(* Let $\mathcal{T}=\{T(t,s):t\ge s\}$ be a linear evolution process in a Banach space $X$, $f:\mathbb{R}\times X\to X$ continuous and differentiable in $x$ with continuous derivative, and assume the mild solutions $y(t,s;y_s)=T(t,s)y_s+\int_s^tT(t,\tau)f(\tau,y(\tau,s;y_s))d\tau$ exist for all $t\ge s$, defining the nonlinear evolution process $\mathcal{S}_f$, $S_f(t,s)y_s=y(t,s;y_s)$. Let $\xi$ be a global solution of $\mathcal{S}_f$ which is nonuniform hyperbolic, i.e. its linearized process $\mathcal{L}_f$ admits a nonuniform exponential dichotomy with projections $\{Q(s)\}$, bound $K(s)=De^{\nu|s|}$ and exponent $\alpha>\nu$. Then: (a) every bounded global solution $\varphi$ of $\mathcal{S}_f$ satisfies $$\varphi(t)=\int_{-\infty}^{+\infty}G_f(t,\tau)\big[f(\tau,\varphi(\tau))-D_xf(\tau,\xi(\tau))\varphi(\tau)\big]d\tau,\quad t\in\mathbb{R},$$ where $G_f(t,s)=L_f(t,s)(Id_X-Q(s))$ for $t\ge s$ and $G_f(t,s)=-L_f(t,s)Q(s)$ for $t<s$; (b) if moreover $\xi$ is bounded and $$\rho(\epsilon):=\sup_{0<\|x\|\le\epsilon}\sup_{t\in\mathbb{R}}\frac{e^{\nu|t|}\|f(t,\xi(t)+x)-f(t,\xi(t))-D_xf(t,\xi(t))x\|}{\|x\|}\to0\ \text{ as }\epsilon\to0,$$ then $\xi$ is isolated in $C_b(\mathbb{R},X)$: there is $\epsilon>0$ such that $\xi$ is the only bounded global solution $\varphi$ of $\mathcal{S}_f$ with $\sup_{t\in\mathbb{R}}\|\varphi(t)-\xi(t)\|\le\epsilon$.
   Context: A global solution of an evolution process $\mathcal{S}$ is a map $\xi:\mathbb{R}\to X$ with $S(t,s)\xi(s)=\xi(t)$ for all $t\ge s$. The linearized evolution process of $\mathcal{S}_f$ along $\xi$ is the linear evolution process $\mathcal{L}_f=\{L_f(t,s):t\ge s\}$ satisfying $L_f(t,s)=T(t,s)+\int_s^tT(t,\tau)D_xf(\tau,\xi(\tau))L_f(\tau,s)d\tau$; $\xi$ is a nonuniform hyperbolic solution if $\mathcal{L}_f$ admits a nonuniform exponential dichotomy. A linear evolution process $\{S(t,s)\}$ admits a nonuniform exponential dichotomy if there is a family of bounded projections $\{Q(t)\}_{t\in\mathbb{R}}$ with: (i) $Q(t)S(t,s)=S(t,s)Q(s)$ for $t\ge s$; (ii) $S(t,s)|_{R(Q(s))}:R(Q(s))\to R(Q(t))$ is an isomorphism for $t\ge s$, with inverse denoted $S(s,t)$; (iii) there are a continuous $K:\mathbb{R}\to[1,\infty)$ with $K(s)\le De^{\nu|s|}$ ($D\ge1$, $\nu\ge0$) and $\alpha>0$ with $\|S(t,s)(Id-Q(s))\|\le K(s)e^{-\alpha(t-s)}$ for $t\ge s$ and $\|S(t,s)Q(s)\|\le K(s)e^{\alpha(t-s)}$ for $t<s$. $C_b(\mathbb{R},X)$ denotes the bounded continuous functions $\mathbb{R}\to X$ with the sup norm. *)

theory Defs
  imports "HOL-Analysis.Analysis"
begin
============================================================
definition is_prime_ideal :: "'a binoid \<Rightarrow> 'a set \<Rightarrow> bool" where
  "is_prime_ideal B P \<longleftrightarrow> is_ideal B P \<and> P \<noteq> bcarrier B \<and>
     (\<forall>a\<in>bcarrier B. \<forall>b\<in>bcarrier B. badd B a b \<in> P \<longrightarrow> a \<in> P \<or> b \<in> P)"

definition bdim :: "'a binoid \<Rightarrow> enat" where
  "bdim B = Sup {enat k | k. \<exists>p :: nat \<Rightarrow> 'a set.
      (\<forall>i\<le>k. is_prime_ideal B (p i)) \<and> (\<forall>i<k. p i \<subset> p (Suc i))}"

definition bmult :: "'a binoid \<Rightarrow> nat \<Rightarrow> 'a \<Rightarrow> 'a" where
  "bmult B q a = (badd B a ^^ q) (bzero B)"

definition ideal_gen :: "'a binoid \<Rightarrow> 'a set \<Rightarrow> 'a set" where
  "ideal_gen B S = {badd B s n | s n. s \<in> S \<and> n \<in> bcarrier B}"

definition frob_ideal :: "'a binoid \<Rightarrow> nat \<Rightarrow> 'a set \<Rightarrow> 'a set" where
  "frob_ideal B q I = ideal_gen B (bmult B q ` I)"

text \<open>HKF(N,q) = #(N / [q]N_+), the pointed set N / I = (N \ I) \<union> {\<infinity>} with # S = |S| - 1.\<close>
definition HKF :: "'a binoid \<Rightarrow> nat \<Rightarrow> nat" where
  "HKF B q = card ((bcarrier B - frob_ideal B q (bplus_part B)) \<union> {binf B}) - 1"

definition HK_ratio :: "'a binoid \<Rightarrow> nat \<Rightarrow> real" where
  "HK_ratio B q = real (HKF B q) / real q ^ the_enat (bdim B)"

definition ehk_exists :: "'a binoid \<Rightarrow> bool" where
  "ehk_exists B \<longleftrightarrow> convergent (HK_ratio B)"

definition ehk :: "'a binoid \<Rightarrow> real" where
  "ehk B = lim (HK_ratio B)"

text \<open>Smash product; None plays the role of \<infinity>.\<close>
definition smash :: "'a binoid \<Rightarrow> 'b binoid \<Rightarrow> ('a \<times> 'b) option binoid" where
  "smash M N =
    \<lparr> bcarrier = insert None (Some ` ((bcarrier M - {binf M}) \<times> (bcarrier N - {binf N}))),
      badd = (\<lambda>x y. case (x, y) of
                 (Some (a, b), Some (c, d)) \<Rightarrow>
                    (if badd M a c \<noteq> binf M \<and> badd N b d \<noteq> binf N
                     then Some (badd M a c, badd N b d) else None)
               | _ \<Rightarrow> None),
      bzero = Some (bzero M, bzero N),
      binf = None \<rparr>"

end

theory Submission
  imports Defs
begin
============================================================
■ ABOUT THIS EXERCISE
Starting at the line with "binoid \<Rightarrow> 'b" and ending at the line with "(if badd M a", print each line of the listing above exactly, with no other lines.

■ ANSWER FOR THIS EXERCISE
definition smash :: "'a binoid \<Rightarrow> 'b binoid \<Rightarrow> ('a \<times> 'b) option binoid" where
  "smash M N =
    \<lparr> bcarrier = insert None (Some ` ((bcarrier M - {binf M}) \<times> (bcarrier N - {binf N}))),
      badd = (\<lambda>x y. case (x, y) of
                 (Some (a, b), Some (c, d)) \<Rightarrow>
                    (if badd M a c \<noteq> binf M \<and> badd N b d \<noteq> binf N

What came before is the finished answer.